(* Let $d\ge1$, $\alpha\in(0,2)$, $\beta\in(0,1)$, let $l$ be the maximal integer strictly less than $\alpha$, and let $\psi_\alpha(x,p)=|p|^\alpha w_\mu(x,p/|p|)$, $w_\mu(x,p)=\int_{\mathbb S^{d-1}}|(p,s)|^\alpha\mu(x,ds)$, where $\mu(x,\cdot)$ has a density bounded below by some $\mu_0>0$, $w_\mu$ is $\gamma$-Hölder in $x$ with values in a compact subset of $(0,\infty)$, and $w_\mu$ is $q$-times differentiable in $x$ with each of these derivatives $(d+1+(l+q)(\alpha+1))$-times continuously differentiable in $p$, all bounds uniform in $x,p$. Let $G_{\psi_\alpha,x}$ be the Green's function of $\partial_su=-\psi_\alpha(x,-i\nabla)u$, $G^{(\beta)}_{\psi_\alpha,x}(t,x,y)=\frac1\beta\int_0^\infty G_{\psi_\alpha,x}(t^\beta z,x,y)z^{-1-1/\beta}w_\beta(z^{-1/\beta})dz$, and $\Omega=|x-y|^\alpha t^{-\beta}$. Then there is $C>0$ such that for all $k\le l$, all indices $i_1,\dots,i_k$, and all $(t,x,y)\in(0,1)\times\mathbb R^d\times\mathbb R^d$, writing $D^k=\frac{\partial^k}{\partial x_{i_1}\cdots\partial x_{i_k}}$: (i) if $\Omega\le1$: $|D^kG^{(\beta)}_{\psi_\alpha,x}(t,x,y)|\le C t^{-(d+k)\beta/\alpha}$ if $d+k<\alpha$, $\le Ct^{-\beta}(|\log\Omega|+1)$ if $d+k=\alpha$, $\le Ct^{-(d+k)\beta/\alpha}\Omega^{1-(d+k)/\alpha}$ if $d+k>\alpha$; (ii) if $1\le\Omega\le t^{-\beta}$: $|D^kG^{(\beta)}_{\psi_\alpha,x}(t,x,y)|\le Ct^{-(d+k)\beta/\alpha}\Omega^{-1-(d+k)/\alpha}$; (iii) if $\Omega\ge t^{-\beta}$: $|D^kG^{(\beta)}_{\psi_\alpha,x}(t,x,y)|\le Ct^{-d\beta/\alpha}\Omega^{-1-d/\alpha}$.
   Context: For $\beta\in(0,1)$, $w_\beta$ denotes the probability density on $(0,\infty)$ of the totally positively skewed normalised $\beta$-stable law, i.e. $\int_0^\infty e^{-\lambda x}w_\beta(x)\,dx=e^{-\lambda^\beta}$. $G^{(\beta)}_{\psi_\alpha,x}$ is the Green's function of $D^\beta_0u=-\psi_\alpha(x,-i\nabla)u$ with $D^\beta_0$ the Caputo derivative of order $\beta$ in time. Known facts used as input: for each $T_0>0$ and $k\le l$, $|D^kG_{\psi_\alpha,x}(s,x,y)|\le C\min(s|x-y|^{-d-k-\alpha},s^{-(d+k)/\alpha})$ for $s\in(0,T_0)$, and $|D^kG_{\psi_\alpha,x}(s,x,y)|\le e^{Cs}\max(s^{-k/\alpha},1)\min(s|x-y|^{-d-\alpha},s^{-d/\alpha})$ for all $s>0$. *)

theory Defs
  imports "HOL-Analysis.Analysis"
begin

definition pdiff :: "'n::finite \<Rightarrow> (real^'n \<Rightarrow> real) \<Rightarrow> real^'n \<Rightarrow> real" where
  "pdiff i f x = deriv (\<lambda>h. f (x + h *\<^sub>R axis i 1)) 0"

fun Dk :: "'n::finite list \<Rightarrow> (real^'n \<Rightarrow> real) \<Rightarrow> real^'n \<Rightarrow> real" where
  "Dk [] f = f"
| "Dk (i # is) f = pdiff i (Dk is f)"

**Problem requirements**
Only lines holding the word "Rightarrow" are wanted; list them all from the material.

**Reply to the exercise**
definition pdiff :: "'n::finite \<Rightarrow> (real^'n \<Rightarrow> real) \<Rightarrow> real^'n \<Rightarrow> real" where
fun Dk :: "'n::finite list \<Rightarrow> (real^'n \<Rightarrow> real) \<Rightarrow> real^'n \<Rightarrow> real" where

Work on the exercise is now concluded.